Собрание сочинений в пяти томах. Том 5. Для будущего человека - стр. 9
Помню, что я просидел за пустым листом бумаги целый день, и целую ночь, и потом опять целый день – и не мог сочинить ни строчки. Все мешало мне: и собачий лай, и гармоника, и радио на соседней даче, и даже вороны, устроившие базар на высоких елях.
В отчаянии я поехал к Ильфу, в Красково, где он снял на лето маленький домик. Там была песчаная почва и сосны, и считалось, что это подходящее место для больного туберкулезом.
Ильф очень мне обрадовался, даже как-то неестественно бурно обрадовался. Мы сразу же, как заговорщики, ушли в сад. Меня он усадил в гамак, а сам сел рядом, на скамеечку.
– Знаете, Женя, – сказал он, – у меня ничего не получается.
Он снял свое маленькое голое пенсне с толстыми, толщиной в мизинец стеклами, протер глаза костяшками пальцев, снова надел пенсне и посмотрел на меня как встрепанный.
Я сказал, что приехал к нему с такою же печальной новостью. Мы даже не рассмеялись. Дело было слишком серьезным. Мы долго думали и наконец решили, что нас обоих устрашил объем задачи и что нам следует написать всего лишь по одной главе, и тогда я приеду к нему, мы выправим рукопись, подробно обсудим следующие две главы, снова встретимся, и так далее, пока не кончим книгу. Мы решили писать смело, ведь все равно потом мы вместе будем править.
Я очень волновался, когда через три дня ехал к Ильфу со своей первой в жизни, самостоятельно написанной главой. Никогда я так не боялся критики, как тогда. Сначала Ильф показал мне свою главу. Пока я читал ее, он то заглядывал мне через плечо, то прохаживался по террасе, тяжело дыша. Видно, он испытывал то же чувство, что и я.
Я читал и не верил своим глазам. Глава Ильфа была написана так, как будто мы писали ее вместе. Ильф давно уже приучил меня к суровой критике и боялся и в то же время жаждал моего мнения, так же как я жаждал и боялся его суховатых, иногда злых, но совершенно точных и честных слов. Мне очень понравилось то, что он написал. Я не хотел бы ничего убавить или прибавить к написанному.
«Значит, выходит, – с ужасом думал я, – что все, что мы написали до сих пор вместе, сочинил Ильф, а я, очевидно, был лишь техническим помощником».

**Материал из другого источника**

theorem theorem2:
  fixes f :: "real \<Rightarrow> real" and N :: nat and r xi Hc xstar :: real
    and x :: "nat \<Rightarrow> real" and qn p :: "nat \<Rightarrow> nat" and t :: "nat \<Rightarrow> nat \<Rightarrow> nat"
    and Q :: nat and Hs :: "nat set"
  assumes N: "N \<ge> 1" and r: "r > 1" and xi: "xi > 0"
    and holder: "\<forall>x1\<in>{0..1}. \<forall>x2\<in>{0..1}. \<bar>f x1 - f x2\<bar> \<le> Hc * \<bar>x1 - x2\<bar> powr (1 / real N)"
    and xstar: "xstar \<in> {0..1}" "\<forall>y\<in>{0..1}. f xstar \<le> f y"
    and run: "PLT_run f N r xi x qn p t"
    and pbound: "\<forall>l>1. p l \<le> Q"
    and Hs: "infinite Hs" "Hs \<subseteq> {1..}"
    and cond: "\<forall>l\<in>Hs. \<exists>j. (let xs = pts x (qn l) in
                 2 \<le> j \<and> j \<le> length xs \<and> xs ! (j - 2) \<le> xstar \<and> xstar \<le> xs ! (j - 1) \<and>
                 4 powr (1 - 1 / real N) * (Kj f N xstar xs j)\<^sup>2 \<ge> (Mj f N xs j)\<^sup>2 \<and>
                 r * muj f N xi xs j \<ge> 2 powr (1 - 1 / real N) * Kj f N xstar xs j
                   + sqrt (4 powr (1 - 1 / real N) * (Kj f N xstar xs j)\<^sup>2 - (Mj f N xs j)\<^sup>2))"
  shows "\<exists>\<sigma>. strict_mono \<sigma> \<and> (\<lambda>n. x (\<sigma> n)) \<longlonglongrightarrow> xstar"
proof (rule ccontr)
  assume "\<not> ?thesis"
  then obtain d where d: "d > 0" "\<forall>n. x n \<noteq> xstar \<longrightarrow> d \<le> \<bar>x n - xstar\<bar>"
    by (rule isolated_unless_subsequence_limit) (auto simp: dist_real_def)
  define \<eta> where "\<eta> = (1 - 1/r) / 2 * (r * xi / (8 * (r + 1/r) * max Hc xi)) ^ N * d"
  have \<eta>: "\<eta> > 0" using r xi d by (simp add: \<eta>_def add_pos_pos)
  define y where "y l = x (qn l + 1)" for l
  have new: "y l \<in> {0..1}" "\<forall>n\<in>{1..qn l}. \<eta> \<le> \<bar>y l - x n\<bar>" if "l \<in> Hs" for l
  proof -
    have l: "1 \<le> l" using that Hs(2) by auto
    from cond that have "\<exists>j. favourable f N r xi xstar (pts x (qn l)) j"
      unfolding favourable_def Let_def by (rule bspec)
    then obtain j where "favourable f N r xi xstar (pts x (qn l)) j" ..
    from PLT_first_new_point_separated[OF N r xi holder xstar(2) run l d(2) this]
    show "y l \<in> {0..1}" "\<forall>n\<in>{1..qn l}. \<eta> \<le> \<bar>y l - x n\<bar>"
      unfolding y_def \<eta>_def by simp_all
  qed
  have later: "\<eta> \<le> dist (y l) (y l')" if "l \<in> Hs" "l' \<in> Hs" "l < l'" for l l'
    using new(2)[OF that(2), rule_format, of "qn l + 1"] PLT_run_qn_less[OF run _ that(3)] that Hs
    by (force simp: y_def dist_real_def abs_minus_commute)
  have "finite Hs"
    using separated_family_in_compact_finite[OF compact_Icc _ \<eta>, of y Hs 0 1] new(1) later
    by (metis dist_commute image_subsetI linorder_neq_iff)
  with Hs(1) show False by contradiction
qed

end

– Мне нравится, – сказал я, – по-моему, ничего не надо изменять.
– Вы думаете? – спросил он, не скрывая радости. – Когда я работал, мне все время казалось, что я пишу какую-то чепуху.
Я вынул из бокового кармана свою главу и хотел бодро сказать: «Теперь прочтите этот бред», или что-нибудь в таком же роде, но не смог произнести ни слова. Я молча протянул ему рукопись. Я всегда волнуюсь, когда чужой глаз впервые глядит на мою страницу. Но никогда, нигде ни до, ни после, я не испытывал такого волнения, как тогда. Потому что то был не чужой глаз. И то был все-таки не мой глаз. Вероятно, подобное чувство переживает человек, когда в тяжелую для себя минуту обращается к своей совести.
Ильф долго, внимательно читал мою рукопись. Потом сказал:
– Мне нравится. По-моему, хорошо.
Как быстро разрешилось то, что нас мучило! Оказалось, что за десять лет работы вместе у нас выработался единый стиль. А стиль нельзя создать искусственно, потому что стиль – это литературное выражение пишущего человека со всеми его духовными и даже физическими особенностями. На мой взгляд, стиль – это то, что не поддается даже анализу (во всяком случае, уже после смерти Ильфа один чрезвычайно умный, острый и знающий критик проанализировал нашу «Одноэтажную Америку» в твердом убеждении, что он легко определит, кто какую главу написал, но не смог правильно определить ни одной главы). Очевидно, стиль, который выработался у нас с Ильфом, был выражением духовных и физических особенностей нас обоих. Очевидно, когда писал Ильф отдельно от меня или я отдельно от Ильфа, мы выражали не только каждый себя, но и обоих вместе.